____ INFORMATION SHOWN

lemma ssl_prior_soft_support_tail_le:
  fixes p s K n :: nat and \<kappa> l0 l1 :: real
  assumes \<kappa>: "\<kappa> > 0" and K: "K \<ge> 1" and K_cond: "real K * ln (ln (real p)) \<le> ln (real p)"
    and loglog: "ln (ln (real p)) \<ge> 2"
    and slack: "((1 + \<kappa>) + ln (ln (ln (real p)))) / ln (ln (real p)) \<le> \<kappa> / 4"
    and p_large: "ln 2 \<le> \<kappa> * ln (real p) / 4"
    and s_large: "ln 2 \<le> \<kappa> * real s / 4"
  shows "measure (ssl_prior p K \<kappa> l0 l1)
           {\<mu> \<in> space (ssl_prior p K \<kappa> l0 l1).
              real (card (supp_soft p K ((1 + \<kappa>) * ln (real p) / l0) \<mu>))
                \<ge> real s + real n * ln (real K) / ln (real p)}
         \<le> exp (- (\<kappa> / 4) * (real s * ln (real p) + real n * ln (real K)))"
proof -
  define L where "L = ln (real p)"
  define y where "y = ln L"
  define x where "x = real s + real n * ln (real K) / L"
  define m where "m = nat \<lceil>x\<rceil>"
  have "p \<noteq> 0" using loglog by (intro notI) simp
  then have L_nonneg: "L \<ge> 0" unfolding L_def by simp
  have "L \<noteq> 0" using loglog unfolding L_def by (intro notI) simp
  then have L_exp: "L = exp y" unfolding y_def using L_nonneg by simp
  have y: "y \<ge> 2" using loglog unfolding y_def L_def .
  have "L \<ge> 2"
    using L_exp exp_ge_add_one_self[of y] y by linarith
  then have p_exp: "real p = exp L" and B: "beta_theta p \<kappa> = exp ((1 + \<kappa>) * L) * L"
    using \<open>p \<noteq> 0\<close> beta_theta_eq_exp[of p \<kappa>] unfolding L_def by simp_all
  have Lx: "L * x = real s * L + real n * ln (real K)"
    using \<open>L \<ge> 2\<close> unfolding x_def by (simp add: distrib_left)
  define c where "c = exp (- ((1 - 1 / y) * ((1 + \<kappa>) * L) / real K)) * y"
  have c: "c \<ge> 0" unfolding c_def using y by simp
  obtain t where t: "t \<ge> 0" and spike:
    "(\<integral>\<^sup>+z. ennreal (exp (t * \<bar>z\<bar> - t * ((1 + \<kappa>) * L / l0) / real K)) \<partial>laplace_measure l0) \<le> ennreal c"
    using laplace_tilt_exists[of y l0 "(1 + \<kappa>) * L / l0" "(1 + \<kappa>) * L" K] y unfolding c_def by auto
  have "measure (ssl_prior p K \<kappa> l0 l1)
          {\<mu> \<in> space (ssl_prior p K \<kappa> l0 l1). x \<le> real (card (supp_soft p K ((1 + \<kappa>) * L / l0) \<mu>))}
      \<le> real (p choose m) * (2 ^ m * (fact m / beta_theta p \<kappa> ^ m + (c ^ K) ^ m))"
    using emeasure_ssl_prior_card_supp_soft_ge_le[OF _ t c spike, of p \<kappa> l1 x] K B \<open>L \<ge> 2\<close> c
    unfolding measure_def m_def by (intro enn2real_leI) auto
  also have "\<dots> \<le> 2 * exp (- \<kappa> * L / 2) ^ m"
  proof (rule binomial_mixture_bound_le)
    show "2 * real p / beta_theta p \<kappa> \<le> exp (- \<kappa> * L / 2)"
      unfolding p_exp B using two_exp_div_beta_le[OF \<open>L \<ge> 2\<close> \<kappa>] .
    show "2 * real p * c ^ K \<le> exp (- \<kappa> * L / 2)"
      unfolding p_exp c_def
      using K K_cond slack p_large y
      by (intro two_exp_mul_spike_factor_le) (auto simp: L_def y_def mult.commute)
  qed (use B \<open>L \<ge> 2\<close> c in auto)
  also have "\<dots> \<le> exp (- (\<kappa> / 4) * (L * x))"
  proof (rule two_mul_exp_power_le[OF \<kappa> L_nonneg])
    show "x \<le> real m" unfolding m_def by linarith
    have "real s * 1 \<le> real s * L" using \<open>L \<ge> 2\<close> by (intro mult_left_mono) auto
    moreover have "0 \<le> real n * ln (real K)" using K by simp
    ultimately have "real s \<le> L * x" unfolding Lx by linarith
    then show "ln 2 \<le> \<kappa> * (L * x) / 4"
      using s_large \<kappa> by (smt (verit) divide_right_mono mult_left_mono)
  qed
  also have "L * x = real s * ln (real p) + real n * ln (real K)"
    using Lx by (simp add: L_def)
  finally show ?thesis unfolding x_def L_def .
qed

lemma eventually_loglog_conditions:
  fixes P :: "'a \<Rightarrow> real" and \<kappa> :: real
  assumes \<kappa>: "\<kappa> > 0" and P: "filterlim P at_top F"
  shows "\<forall>\<^sub>F x in F. ln (ln (P x)) \<ge> 2
           \<and> ((1 + \<kappa>) + ln (ln (ln (P x)))) / ln (ln (P x)) \<le> \<kappa> / 4
           \<and> ln 2 \<le> \<kappa> * ln (P x) / 4"
proof -
  have lnP: "filterlim (\<lambda>x. ln (P x)) at_top F"
    by (rule filterlim_compose[OF ln_at_top P])
  have lnlnP: "filterlim (\<lambda>x. ln (ln (P x))) at_top F"
    by (rule filterlim_compose[OF ln_at_top lnP])
  have "((\<lambda>y::real. ((1 + \<kappa>) + ln y) / y) \<longlongrightarrow> 0) at_top"
    by real_asymp
  then have "\<forall>\<^sub>F y in at_top. ((1 + \<kappa>) + ln y) / y < \<kappa> / 4"
    using \<kappa> by (intro order_tendstoD(2)) auto
  then have slack: "\<forall>\<^sub>F x in F. ((1 + \<kappa>) + ln (ln (ln (P x)))) / ln (ln (P x)) < \<kappa> / 4"
    by (rule eventually_compose_filterlim[OF _ lnlnP])
  have "\<forall>\<^sub>F x in F. 4 * ln 2 / \<kappa> \<le> ln (P x)"
    using lnP by (simp add: filterlim_at_top)
  moreover have "\<forall>\<^sub>F x in F. 2 \<le> ln (ln (P x))"
    using lnlnP by (simp add: filterlim_at_top)
  ultimately show ?thesis
    using slack by eventually_elim (use \<kappa> in \<open>auto simp: field_simps\<close>)
qed

theorem mainTheorem9:
  fixes p s K :: "nat \<Rightarrow> nat"
    and \<kappa> :: real
    and lam0 lam1 :: "nat \<Rightarrow> real"
  assumes kappa_pos: "\<kappa> > 0"
    and p_lim: "filterlim p at_top sequentially"
    and s_lim: "filterlim s at_top sequentially"
    and rate: "(\<lambda>n. (real (s n) + real n * ln (real (K n)) / ln (real (p n))) / real (p n))
                 \<longlonglongrightarrow> 0"
    and K_pos: "\<forall>n. K n \<ge> 1"
    and K_cond: "\<forall>n. real (K n) * ln (ln (real (p n))) \<le> ln (real (p n))"
    and lam1_pos: "\<forall>n. lam1 n > 0"
    and lam_ratio: "(\<lambda>n. lam1 n / lam0 n) \<longlonglongrightarrow> 0"
  shows "\<exists>\<beta>>0. \<exists>c>0. \<forall>\<^sub>F n in sequentially.
           measure (ssl_prior (p n) (K n) \<kappa> (lam0 n) (lam1 n))
             {\<mu> \<in> space (ssl_prior (p n) (K n) \<kappa> (lam0 n) (lam1 n)).
                real (card (supp_soft (p n) (K n) ((1 + \<kappa>) * ln (real (p n)) / lam0 n) \<mu>))
                  \<ge> \<beta> * (real (s n) + real n * ln (real (K n)) / ln (real (p n)))}
           \<le> exp (- c * (real (s n) * ln (real (p n)) + real n * ln (real (K n))))"
proof -
  have "filterlim (\<lambda>n. real (p n)) at_top sequentially"
    by (rule filterlim_compose[OF filterlim_real_sequentially p_lim])
  note p_large = eventually_loglog_conditions[OF kappa_pos this]
  have "filterlim (\<lambda>n. real (s n)) at_top sequentially"
    by (rule filterlim_compose[OF filterlim_real_sequentially s_lim])
  then have "\<forall>\<^sub>F n in sequentially. 4 * ln 2 / \<kappa> \<le> real (s n)"
    by (simp add: filterlim_at_top)
  then have s_large: "\<forall>\<^sub>F n in sequentially. ln 2 \<le> \<kappa> * real (s n) / 4"
    by eventually_elim (use kappa_pos in \<open>simp add: field_simps\<close>)
  have "\<forall>\<^sub>F n in sequentially.
           measure (ssl_prior (p n) (K n) \<kappa> (lam0 n) (lam1 n))
             {\<mu> \<in> space (ssl_prior (p n) (K n) \<kappa> (lam0 n) (lam1 n)).
                real (card (supp_soft (p n) (K n) ((1 + \<kappa>) * ln (real (p n)) / lam0 n) \<mu>))
                  \<ge> 1 * (real (s n) + real n * ln (real (K n)) / ln (real (p n)))}
           \<le> exp (- (\<kappa> / 4) * (real (s n) * ln (real (p n)) + real n * ln (real (K n))))"
    using p_large s_large
    by eventually_elim (use ssl_prior_soft_support_tail_le[OF kappa_pos K_pos[rule_format] K_cond[rule_format]] in auto)
  moreover have "\<kappa> / 4 > 0" using kappa_pos by simp
  ultimately show ?thesis using zero_less_one by blast
qed

end
lemma F_eq_mult_F_quotient: "F p k y = y * poly (F_quotient p k) y"
  unfolding F_def Let_def majority_indices sum.inter_filter[OF finite_atMost]
    poly_F_quotient sum_distrib_left
proof (intro sum.cong refl)
  fix m assume "m \<in> {..k}"
  show "(if k - m < m then real (k choose m) * ((1 - p) * y) ^ m * (1 - (1 - p) * y) ^ (k - m) else 0)
    = y * (if k - m < m
        then real (k choose m) * (1 - p) ^ m * y ^ (m - 1) * (1 - (1 - p) * y) ^ (k - m) else 0)"
  proof (cases "k - m < m")
    case True
    then have "y ^ m = y * y ^ (m - 1)"
      by (simp add: power_eq_if)
    with True show ?thesis
      by (simp add: power_mult_distrib)
  qed simp
qed

lemma poly_F_quotient_0: "k \<ge> 3 \<Longrightarrow> poly (F_quotient p k) 0 = 0"
  unfolding poly_F_quotient by (intro sum.neutral) auto

lemma continuous_bounded_away_from_one:
  fixes H :: "real \<Rightarrow> real"
  assumes "continuous_on {0..c} H" "H 0 < 1" "\<And>y. 0 < y \<Longrightarrow> y \<le> c \<Longrightarrow> H y \<noteq> 1"
  shows "\<exists>\<epsilon>>0. \<forall>y\<in>{0..c}. H y \<le> 1 - \<epsilon>"
proof (cases "0 \<le> c")
  case True
  have below_one: "H y < 1" if y: "y \<in> {0..c}" for y
  proof (rule ccontr)
    assume "\<not> H y < 1"
    moreover have "continuous_on {0..y} H"
      using assms(1) y by (auto intro: continuous_on_subset)
    ultimately obtain z where "0 \<le> z" "z \<le> y" "H z = 1"
      using IVT'[of H 0 1 y] assms(2) y by auto
    then show False
      using assms(2,3) y by (cases "z = 0") auto
  qed
  obtain y0 where "y0 \<in> {0..c}" and max: "\<forall>y\<in>{0..c}. H y \<le> H y0"
    using continuous_attains_sup[OF compact_Icc _ assms(1)] True by auto
  then show ?thesis
    using below_one by (intro exI[of _ "1 - H y0"]) auto
qed (auto intro: exI[of _ 1])

lemma F_contracts_below_phi_minus:
  assumes "k \<ge> 3" "\<eta> > 0"
  shows "\<exists>\<epsilon>>0. \<epsilon> \<le> 1 \<and> (\<forall>y\<in>{0..min 1 (phi_minus p k - \<eta>)}. F p k y \<le> (1 - \<epsilon>) * y)"
proof -
  define Q where "Q = F_quotient p k"
  define S where "S = fixpts p k - {0}"
  have Q0: "poly Q 0 = 0"
    unfolding Q_def using poly_F_quotient_0[OF assms(1)] .
  have "S \<subseteq> {y. poly (Q - 1) y = 0}"
    unfolding S_def fixpts_def Q_def using F_eq_mult_F_quotient[of p k] by auto
  moreover have "Q - 1 \<noteq> 0"
  proof
    assume "Q - 1 = 0"
    then show False
      using arg_cong[of "Q - 1" 0 "\<lambda>P. poly P 0"] Q0 by simp
  qed
  ultimately have "finite S"
    using poly_roots_finite finite_subset by blast
  \<comment> \<open>If \<open>S = {}\<close>, then \<open>phi_minus p k = Min {}\<close> is unspecified and only \<open>y \<le> 1\<close> bounds \<open>y\<close>.\<close>
  define c where "c = (if S = {} then 1 else min 1 (Min S - \<eta>))"
  have no_fixpoint: "poly Q y \<noteq> 1" if "0 < y" "y \<le> c" for y
  proof
    assume "poly Q y = 1"
    then have "y \<in> S"
      using that F_eq_mult_F_quotient[of p k y] unfolding S_def fixpts_def Q_def c_def
      by (auto split: if_splits)
    then have "S \<noteq> {}" "Min S \<le> y"
      using \<open>finite S\<close> by auto
    then show False
      using that assms(2) unfolding c_def by auto
  qed
  have "continuous_on {0..c} (poly Q)"
    by (intro continuous_intros)
  then obtain \<epsilon> where "\<epsilon> > 0" and gap: "\<forall>y\<in>{0..c}. poly Q y \<le> 1 - \<epsilon>"
    using continuous_bounded_away_from_one[of c "poly Q"] Q0 no_fixpoint by auto
  have "F p k y \<le> (1 - min \<epsilon> 1) * y" if "y \<in> {0..min 1 (phi_minus p k - \<eta>)}" for y
  proof -
    have "y \<in> {0..c}"
      using that by (auto simp: c_def phi_minus_def S_def)
    then have "poly Q y \<le> 1 - min \<epsilon> 1"
      using gap by fastforce
    then show ?thesis
      using that mult_left_mono[of "poly Q y" "1 - min \<epsilon> 1" y]
      by (simp add: F_eq_mult_F_quotient Q_def mult.commute)
  qed
  then show ?thesis
    using \<open>\<epsilon> > 0\<close> by (intro exI[of _ "min \<epsilon> 1"]) auto
qed
(* Let $s\in(0,1)$, $d\ge1$ and let $B:=B_{\rho_0}(y_0)\subset\mathbb{R}^{1+d}$ be a half-parabolic ball. Let $S$ and $D$ be non-negative, monotone (with respect to inclusion) functions defined on the convex subsets of $B$. Assume that for every $n\in\mathbb{N}$ there is $C(n)>0$ such that for all half-parabolic balls $B_0,B_1,\dots,B_n\subset B$ with $B_0\subset\bigcup_{i=1}^nB_i$, $$S(B_0)\le C(n)\Big(\sum_{i=1}^nS(B_i)+D(B)\Big).$$ Then for any $\theta_0\in(0,1/2]$ and $\gamma>0$ there exists $\varepsilon=\varepsilon(\theta_0,\gamma,s,d,\rho_0)\in(0,1)$ such that, if for some $E\ge0$ $$\sigma^\gamma S(B_{\theta_0\sigma}(y))\le\varepsilon\,\sigma^\gamma S(B_\sigma(y))+E\quad\text{for all }B_\sigma(y)\subset B,$$ then for each $\theta\in(0,1)$ there is $C=C(d,\theta_0,\theta,\gamma,s,\rho_0)>0$ with $$\sigma^\gamma S(B_{\theta\sigma}(y))\le C\,(E+D(B))\quad\text{for all }B_\sigma(y)\subset B.$$
   Context: Points of $\mathbb{R}^{1+d}$ are $x=(x_0,x_{1:d})$. For $r>0$ the half-parabolic ball is $B_r(x):=(x_0-r^{2s},x_0]\times B_r(x_{1:d})$, where $B_r(x_{1:d})$ is the open Euclidean ball in $\mathbb{R}^d$. *)

theory Defs
  imports "HOL-Analysis.Analysis"
begin

text \<open>Points of R^(1+d) are pairs (x0, x') with x0 real and x' in real^'n, d = CARD('n) >= 1.
  Half-parabolic ball: B_r(x) = (x0 - r^(2s), x0] x B_r(x').\<close>

definition hpball :: "real \<Rightarrow> real \<Rightarrow> real \<times> (real ^ 'n) \<Rightarrow> (real \<times> (real ^ 'n)) set" where
  "hpball s r x = {z. fst x - r powr (2 * s) < fst z \<and> fst z \<le> fst x \<and> snd z \<in> ball (snd x) r}"

definition nonneg_mono_on_convex ::
  "(real \<times> (real ^ 'n)) set \<Rightarrow> ((real \<times> (real ^ 'n)) set \<Rightarrow> real) \<Rightarrow> bool" where
  "nonneg_mono_on_convex B F \<longleftrightarrow>
     (\<forall>A. convex A \<and> A \<subseteq> B \<longrightarrow> 0 \<le> F A) \<and>
     (\<forall>A A'. convex A \<and> convex A' \<and> A \<subseteq> A' \<and> A' \<subseteq> B \<longrightarrow> F A \<le> F A')"

end

theory Submission
  imports Defs
begin

(* Let M be the supremum of sigma^gamma S(B_(theta0 sigma/2)(y)) over all balls B_sigma(y) in B;
  it is finite because S is monotone. Parabolic scaling shows that every B_(sigma/2)(y) is covered
  by N balls B_(theta0 c sigma/2)(y_q) with B_(c sigma)(y_q) inside B_sigma(y), where N and c depend
  only on s, theta0 and d. The decay hypothesis at radius sigma/2 followed by the covering
  inequality gives M <= eps C(N) N c^(-gamma) M + 2^gamma E + C(N) rho0^gamma D(B), so for eps small
  the first term is absorbed and M <= const (E + D(B)). A second covering of B_(theta sigma)(y) by
  balls of the same kind transfers this bound to every theta < 1. *)

lemma hpball_Times: "hpball s r x = {fst x - r powr (2 * s)<..fst x} \<times> ball (snd x) r"
  by (auto simp: hpball_def)

lemma convex_hpball: "convex (hpball s r x)"
  unfolding hpball_Times by (intro convex_Times convex_ball) (simp add: convex_real_interval)

lemma hpball_subset_iff:
  assumes "0 < r"
  shows "hpball s r x \<subseteq> hpball s \<rho> y \<longleftrightarrow>
    fst y - \<rho> powr (2 * s) \<le> fst x - r powr (2 * s) \<and> fst x \<le> fst y \<and> dist (snd x) (snd y) + r \<le> \<rho>"
  using assms by (auto simp: hpball_Times times_subset_iff Ioc_subset_iff ball_subset_ball_iff)

lemma hpball_mono:
  assumes "0 \<le> s" "0 < r" "r \<le> r'"
  shows "hpball s r x \<subseteq> hpball s r' x"
  using assms powr_mono2[of "2 * s" r r'] by (auto simp: hpball_subset_iff)

lemma hpball_radius_le:
  assumes "0 < \<sigma>" "hpball s \<sigma> y \<subseteq> hpball s \<rho> x"
  shows "\<sigma> \<le> \<rho>"
  using assms zero_le_dist[of "snd y" "snd x"] unfolding hpball_subset_iff[OF assms(1)] by linarith

definition hp_scale :: "real \<Rightarrow> real \<times> (real ^ 'n) \<Rightarrow> real \<Rightarrow> real \<times> (real ^ 'n) \<Rightarrow> real \<times> (real ^ 'n)" where
  "hp_scale s y \<sigma> q = (fst y + \<sigma> powr (2 * s) * fst q, snd y + \<sigma> *\<^sub>R snd q)"

lemma hp_scale_zero [simp]: "hp_scale s y \<sigma> 0 = y"
  by (simp add: hp_scale_def)

lemma surj_hp_scale:
  assumes "0 < \<sigma>"
  shows "surj (hp_scale s y \<sigma>)"
proof (rule surjI)
  fix z
  show "hp_scale s y \<sigma> ((fst z - fst y) / \<sigma> powr (2 * s), (1 / \<sigma>) *\<^sub>R (snd z - snd y)) = z"
    using assms by (simp add: hp_scale_def)
qed

lemma hpball_hp_scale:
  assumes "0 < \<sigma>" "0 \<le> r"
  shows "hpball s (r * \<sigma>) (hp_scale s y \<sigma> q) = hp_scale s y \<sigma> ` hpball s r q"
proof -
  have "hp_scale s y \<sigma> w \<in> hpball s (r * \<sigma>) (hp_scale s y \<sigma> q) \<longleftrightarrow> w \<in> hpball s r q" for w
  proof -
    have "\<sigma> powr (2 * s) * fst q - (r * \<sigma>) powr (2 * s) < \<sigma> powr (2 * s) * fst w
        \<longleftrightarrow> fst q - r powr (2 * s) < fst w"
      using assms mult_less_cancel_left_pos[of "\<sigma> powr (2 * s)" "fst q - r powr (2 * s)" "fst w"]
      by (simp add: powr_mult algebra_simps)
    moreover have "dist (snd y + \<sigma> *\<^sub>R snd q) (snd y + \<sigma> *\<^sub>R snd w) = \<sigma> * dist (snd q) (snd w)"
      using assms by (simp add: dist_norm flip: scaleR_diff_right)
    ultimately show ?thesis
      using assms by (simp add: hpball_def hp_scale_def)
  qed
  then have "hp_scale s y \<sigma> -` hpball s (r * \<sigma>) (hp_scale s y \<sigma> q) = hpball s r q"
    by blast
  then show ?thesis
    using surj_image_vimage_eq[OF surj_hp_scale[OF assms(1)]] by metis
qed

definition cover_pattern :: "real \<Rightarrow> real \<Rightarrow> real \<Rightarrow> real \<Rightarrow> (real \<times> (real ^ 'n)) set \<Rightarrow> bool" where
  "cover_pattern s a \<kappa> c P \<longleftrightarrow> 0 < c \<and> finite P \<and> (\<forall>q\<in>P. hpball s c q \<subseteq> hpball s 1 0) \<and>
     hpball s a 0 \<subseteq> (\<Union>q\<in>P. hpball s (\<kappa> * c) q)"

lemma cover_pattern_rescale:
  assumes pattern: "cover_pattern s a \<kappa> c P" and "0 < \<sigma>" "0 \<le> a" "0 \<le> \<kappa>"
  shows "q \<in> P \<Longrightarrow> hpball s (c * \<sigma>) (hp_scale s y \<sigma> q) \<subseteq> hpball s \<sigma> y"
    and "hpball s (a * \<sigma>) y \<subseteq> (\<Union>q\<in>P. hpball s (\<kappa> * c * \<sigma>) (hp_scale s y \<sigma> q))"
proof -
  let ?f = "hp_scale s y \<sigma>"
  have c: "0 < c" using pattern by (simp add: cover_pattern_def)
  have ball: "hpball s (r * \<sigma>) (?f q) = ?f ` hpball s r q" if "0 \<le> r" for r q
    using hpball_hp_scale[OF \<open>0 < \<sigma>\<close> that] .
  show "hpball s (c * \<sigma>) (?f q) \<subseteq> hpball s \<sigma> y" if "q \<in> P"
  proof -
    have "hpball s c q \<subseteq> hpball s 1 0" using pattern that by (simp add: cover_pattern_def)
    then have "?f ` hpball s c q \<subseteq> ?f ` hpball s 1 0" by (rule image_mono)
    then show ?thesis using ball[of c q] ball[of 1 0] c by simp
  qed
  have "?f ` hpball s a 0 \<subseteq> ?f ` (\<Union>q\<in>P. hpball s (\<kappa> * c) q)"
    using pattern by (intro image_mono) (simp add: cover_pattern_def)
  then show "hpball s (a * \<sigma>) y \<subseteq> (\<Union>q\<in>P. hpball s (\<kappa> * c * \<sigma>) (?f q))"
    using ball[of a 0] ball[of "\<kappa> * c"] \<open>0 \<le> a\<close> \<open>0 \<le> \<kappa>\<close> c by (simp add: image_UN)
qed

lemma finite_grid_cover_Ioc:
  fixes T h :: real
  assumes "0 \<le> T" "0 < h"
  obtains G where "finite G" "G \<subseteq> {-T..0}" "\<And>u. -T < u \<Longrightarrow> u \<le> 0 \<Longrightarrow> \<exists>t\<in>G. t - h < u \<and> u \<le> t"
proof
  define J where "J = nat \<lfloor>T / h\<rfloor>"
  let ?G = "(\<lambda>j. - (real j * h)) ` {..J}"
  show "finite ?G" by simp
  have "real J \<le> T / h" unfolding J_def using assms by (simp add: of_nat_floor)
  then have "real j * h \<le> T" if "j \<le> J" for j
    using that assms by (simp add: field_simps) (meson mult_left_mono of_nat_le_iff order_trans less_imp_le)
  then show "?G \<subseteq> {-T..0}" using assms by auto
  fix u assume u: "-T < u" "u \<le> 0"
  define j where "j = nat \<lfloor>- u / h\<rfloor>"
  have "real j \<le> - u / h" "- u / h < real j + 1"
    using u assms by (simp_all add: j_def divide_nonpos_pos)
  then have "- (real j * h) - h < u" "u \<le> - (real j * h)"
    using assms by (simp_all add: field_simps)
  moreover have "j \<le> J"
    using u assms unfolding j_def J_def by (intro nat_mono floor_mono divide_right_mono) auto
  ultimately show "\<exists>t\<in>?G. t - h < u \<and> u \<le> t" by auto
qed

________

**EXERCISE PROMPT**
Would you please copy exactly the part of the entries above that begins at the line containing "y_def L_def ." and ends at the line containing "using \<open>p \<noteq>", both lines included?

**ANSWER SPACE**
  have y: "y \<ge> 2" using loglog unfolding y_def L_def .
  have "L \<ge> 2"
    using L_exp exp_ge_add_one_self[of y] y by linarith
  then have p_exp: "real p = exp L" and B: "beta_theta p \<kappa> = exp ((1 + \<kappa>) * L) * L"
    using \<open>p \<noteq> 0\<close> beta_theta_eq_exp[of p \<kappa>] unfolding L_def by simp_all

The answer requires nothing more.